Collected data:
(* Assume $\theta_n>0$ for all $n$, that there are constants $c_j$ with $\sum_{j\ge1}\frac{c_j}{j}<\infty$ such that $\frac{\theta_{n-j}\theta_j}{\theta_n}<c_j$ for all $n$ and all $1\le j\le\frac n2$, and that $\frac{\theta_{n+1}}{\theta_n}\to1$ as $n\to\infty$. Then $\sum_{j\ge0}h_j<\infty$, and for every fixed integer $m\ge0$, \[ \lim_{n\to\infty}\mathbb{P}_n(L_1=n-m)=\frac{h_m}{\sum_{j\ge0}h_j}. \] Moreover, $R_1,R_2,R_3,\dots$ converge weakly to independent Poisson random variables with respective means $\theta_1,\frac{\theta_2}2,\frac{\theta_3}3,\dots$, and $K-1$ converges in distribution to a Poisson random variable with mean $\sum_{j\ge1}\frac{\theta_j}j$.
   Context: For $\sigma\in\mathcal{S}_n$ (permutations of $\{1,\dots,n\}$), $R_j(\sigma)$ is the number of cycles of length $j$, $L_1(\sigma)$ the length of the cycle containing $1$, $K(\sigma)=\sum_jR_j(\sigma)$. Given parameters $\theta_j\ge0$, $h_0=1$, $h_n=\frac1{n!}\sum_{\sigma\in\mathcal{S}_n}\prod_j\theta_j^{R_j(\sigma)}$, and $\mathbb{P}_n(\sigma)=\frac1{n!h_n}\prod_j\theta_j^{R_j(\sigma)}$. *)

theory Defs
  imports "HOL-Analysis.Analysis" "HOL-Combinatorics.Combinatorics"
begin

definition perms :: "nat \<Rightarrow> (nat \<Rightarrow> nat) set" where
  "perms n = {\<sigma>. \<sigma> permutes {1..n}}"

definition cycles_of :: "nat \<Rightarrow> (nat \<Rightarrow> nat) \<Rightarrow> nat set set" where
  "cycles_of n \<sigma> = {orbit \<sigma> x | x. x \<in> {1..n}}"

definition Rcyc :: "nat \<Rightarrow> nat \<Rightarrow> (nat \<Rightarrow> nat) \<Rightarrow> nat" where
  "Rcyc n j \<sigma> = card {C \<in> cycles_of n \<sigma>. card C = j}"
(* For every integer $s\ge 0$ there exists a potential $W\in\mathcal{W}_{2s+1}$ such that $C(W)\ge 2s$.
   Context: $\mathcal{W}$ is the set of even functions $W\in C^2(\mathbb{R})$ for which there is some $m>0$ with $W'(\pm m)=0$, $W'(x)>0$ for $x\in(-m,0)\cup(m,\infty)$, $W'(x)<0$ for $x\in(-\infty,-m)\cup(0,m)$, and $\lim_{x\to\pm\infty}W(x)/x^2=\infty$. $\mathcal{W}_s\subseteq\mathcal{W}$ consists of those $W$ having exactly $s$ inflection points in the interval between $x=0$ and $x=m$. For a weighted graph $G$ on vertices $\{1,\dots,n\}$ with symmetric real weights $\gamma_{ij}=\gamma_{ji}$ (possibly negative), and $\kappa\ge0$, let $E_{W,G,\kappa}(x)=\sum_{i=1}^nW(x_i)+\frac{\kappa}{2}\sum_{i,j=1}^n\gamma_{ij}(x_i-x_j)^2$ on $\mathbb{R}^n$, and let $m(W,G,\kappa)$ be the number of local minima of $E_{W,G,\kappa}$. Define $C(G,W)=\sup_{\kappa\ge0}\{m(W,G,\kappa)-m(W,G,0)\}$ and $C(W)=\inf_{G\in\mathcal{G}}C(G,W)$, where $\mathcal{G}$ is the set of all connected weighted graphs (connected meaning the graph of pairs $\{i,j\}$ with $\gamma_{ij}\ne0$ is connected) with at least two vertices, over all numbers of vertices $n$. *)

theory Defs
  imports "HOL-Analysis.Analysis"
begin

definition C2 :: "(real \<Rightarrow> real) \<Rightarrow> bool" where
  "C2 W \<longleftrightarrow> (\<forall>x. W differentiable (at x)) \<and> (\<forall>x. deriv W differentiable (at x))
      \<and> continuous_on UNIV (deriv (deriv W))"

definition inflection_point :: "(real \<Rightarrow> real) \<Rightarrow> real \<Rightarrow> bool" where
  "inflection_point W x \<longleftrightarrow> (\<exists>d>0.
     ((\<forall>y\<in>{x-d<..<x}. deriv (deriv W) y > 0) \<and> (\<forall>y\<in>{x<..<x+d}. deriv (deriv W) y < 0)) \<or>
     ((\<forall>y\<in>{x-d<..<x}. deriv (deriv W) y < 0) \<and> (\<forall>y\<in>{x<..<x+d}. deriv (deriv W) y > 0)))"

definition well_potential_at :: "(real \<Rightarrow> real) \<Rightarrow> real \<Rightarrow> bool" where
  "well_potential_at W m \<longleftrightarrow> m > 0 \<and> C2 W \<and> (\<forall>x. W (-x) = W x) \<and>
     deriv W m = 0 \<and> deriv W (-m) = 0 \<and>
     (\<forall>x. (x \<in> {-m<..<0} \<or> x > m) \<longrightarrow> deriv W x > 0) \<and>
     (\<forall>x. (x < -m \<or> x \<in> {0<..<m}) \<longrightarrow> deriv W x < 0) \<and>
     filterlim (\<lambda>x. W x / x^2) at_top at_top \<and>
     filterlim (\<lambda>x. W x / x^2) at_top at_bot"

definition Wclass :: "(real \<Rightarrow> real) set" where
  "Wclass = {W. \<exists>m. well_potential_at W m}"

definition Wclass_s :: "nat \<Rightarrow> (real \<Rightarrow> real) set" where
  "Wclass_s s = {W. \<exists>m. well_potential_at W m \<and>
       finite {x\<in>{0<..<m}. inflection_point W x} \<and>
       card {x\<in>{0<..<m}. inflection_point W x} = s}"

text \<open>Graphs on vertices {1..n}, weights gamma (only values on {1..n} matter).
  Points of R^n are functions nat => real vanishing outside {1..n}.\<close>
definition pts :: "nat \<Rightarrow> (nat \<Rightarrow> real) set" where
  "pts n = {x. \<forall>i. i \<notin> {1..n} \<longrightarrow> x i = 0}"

_What to work on_: Each record should be transcribed exactly as it was written.

_Exercise answer_:
(* Assume $\theta_n>0$ for all $n$, that there are constants $c_j$ with $\sum_{j\ge1}\frac{c_j}{j}<\infty$ such that $\frac{\theta_{n-j}\theta_j}{\theta_n}<c_j$ for all $n$ and all $1\le j\le\frac n2$, and that $\frac{\theta_{n+1}}{\theta_n}\to1$ as $n\to\infty$. Then $\sum_{j\ge0}h_j<\infty$, and for every fixed integer $m\ge0$, \[ \lim_{n\to\infty}\mathbb{P}_n(L_1=n-m)=\frac{h_m}{\sum_{j\ge0}h_j}. \] Moreover, $R_1,R_2,R_3,\dots$ converge weakly to independent Poisson random variables with respective means $\theta_1,\frac{\theta_2}2,\frac{\theta_3}3,\dots$, and $K-1$ converges in distribution to a Poisson random variable with mean $\sum_{j\ge1}\frac{\theta_j}j$.
   Context: For $\sigma\in\mathcal{S}_n$ (permutations of $\{1,\dots,n\}$), $R_j(\sigma)$ is the number of cycles of length $j$, $L_1(\sigma)$ the length of the cycle containing $1$, $K(\sigma)=\sum_jR_j(\sigma)$. Given parameters $\theta_j\ge0$, $h_0=1$, $h_n=\frac1{n!}\sum_{\sigma\in\mathcal{S}_n}\prod_j\theta_j^{R_j(\sigma)}$, and $\mathbb{P}_n(\sigma)=\frac1{n!h_n}\prod_j\theta_j^{R_j(\sigma)}$. *)

theory Defs
  imports "HOL-Analysis.Analysis" "HOL-Combinatorics.Combinatorics"
begin

definition perms :: "nat \<Rightarrow> (nat \<Rightarrow> nat) set" where
  "perms n = {\<sigma>. \<sigma> permutes {1..n}}"

definition cycles_of :: "nat \<Rightarrow> (nat \<Rightarrow> nat) \<Rightarrow> nat set set" where
  "cycles_of n \<sigma> = {orbit \<sigma> x | x. x \<in> {1..n}}"

definition Rcyc :: "nat \<Rightarrow> nat \<Rightarrow> (nat \<Rightarrow> nat) \<Rightarrow> nat" where
  "Rcyc n j \<sigma> = card {C \<in> cycles_of n \<sigma>. card C = j}"
(* For every integer $s\ge 0$ there exists a potential $W\in\mathcal{W}_{2s+1}$ such that $C(W)\ge 2s$.
   Context: $\mathcal{W}$ is the set of even functions $W\in C^2(\mathbb{R})$ for which there is some $m>0$ with $W'(\pm m)=0$, $W'(x)>0$ for $x\in(-m,0)\cup(m,\infty)$, $W'(x)<0$ for $x\in(-\infty,-m)\cup(0,m)$, and $\lim_{x\to\pm\infty}W(x)/x^2=\infty$. $\mathcal{W}_s\subseteq\mathcal{W}$ consists of those $W$ having exactly $s$ inflection points in the interval between $x=0$ and $x=m$. For a weighted graph $G$ on vertices $\{1,\dots,n\}$ with symmetric real weights $\gamma_{ij}=\gamma_{ji}$ (possibly negative), and $\kappa\ge0$, let $E_{W,G,\kappa}(x)=\sum_{i=1}^nW(x_i)+\frac{\kappa}{2}\sum_{i,j=1}^n\gamma_{ij}(x_i-x_j)^2$ on $\mathbb{R}^n$, and let $m(W,G,\kappa)$ be the number of local minima of $E_{W,G,\kappa}$. Define $C(G,W)=\sup_{\kappa\ge0}\{m(W,G,\kappa)-m(W,G,0)\}$ and $C(W)=\inf_{G\in\mathcal{G}}C(G,W)$, where $\mathcal{G}$ is the set of all connected weighted graphs (connected meaning the graph of pairs $\{i,j\}$ with $\gamma_{ij}\ne0$ is connected) with at least two vertices, over all numbers of vertices $n$. *)

theory Defs
  imports "HOL-Analysis.Analysis"
begin

definition C2 :: "(real \<Rightarrow> real) \<Rightarrow> bool" where
  "C2 W \<longleftrightarrow> (\<forall>x. W differentiable (at x)) \<and> (\<forall>x. deriv W differentiable (at x))
      \<and> continuous_on UNIV (deriv (deriv W))"

definition inflection_point :: "(real \<Rightarrow> real) \<Rightarrow> real \<Rightarrow> bool" where
  "inflection_point W x \<longleftrightarrow> (\<exists>d>0.
     ((\<forall>y\<in>{x-d<..<x}. deriv (deriv W) y > 0) \<and> (\<forall>y\<in>{x<..<x+d}. deriv (deriv W) y < 0)) \<or>
     ((\<forall>y\<in>{x-d<..<x}. deriv (deriv W) y < 0) \<and> (\<forall>y\<in>{x<..<x+d}. deriv (deriv W) y > 0)))"

definition well_potential_at :: "(real \<Rightarrow> real) \<Rightarrow> real \<Rightarrow> bool" where
  "well_potential_at W m \<longleftrightarrow> m > 0 \<and> C2 W \<and> (\<forall>x. W (-x) = W x) \<and>
     deriv W m = 0 \<and> deriv W (-m) = 0 \<and>
     (\<forall>x. (x \<in> {-m<..<0} \<or> x > m) \<longrightarrow> deriv W x > 0) \<and>
     (\<forall>x. (x < -m \<or> x \<in> {0<..<m}) \<longrightarrow> deriv W x < 0) \<and>
     filterlim (\<lambda>x. W x / x^2) at_top at_top \<and>
     filterlim (\<lambda>x. W x / x^2) at_top at_bot"

definition Wclass :: "(real \<Rightarrow> real) set" where
  "Wclass = {W. \<exists>m. well_potential_at W m}"

definition Wclass_s :: "nat \<Rightarrow> (real \<Rightarrow> real) set" where
  "Wclass_s s = {W. \<exists>m. well_potential_at W m \<and>
       finite {x\<in>{0<..<m}. inflection_point W x} \<and>
       card {x\<in>{0<..<m}. inflection_point W x} = s}"

text \<open>Graphs on vertices {1..n}, weights gamma (only values on {1..n} matter).
  Points of R^n are functions nat => real vanishing outside {1..n}.\<close>
definition pts :: "nat \<Rightarrow> (nat \<Rightarrow> real) set" where
  "pts n = {x. \<forall>i. i \<notin> {1..n} \<longrightarrow> x i = 0}"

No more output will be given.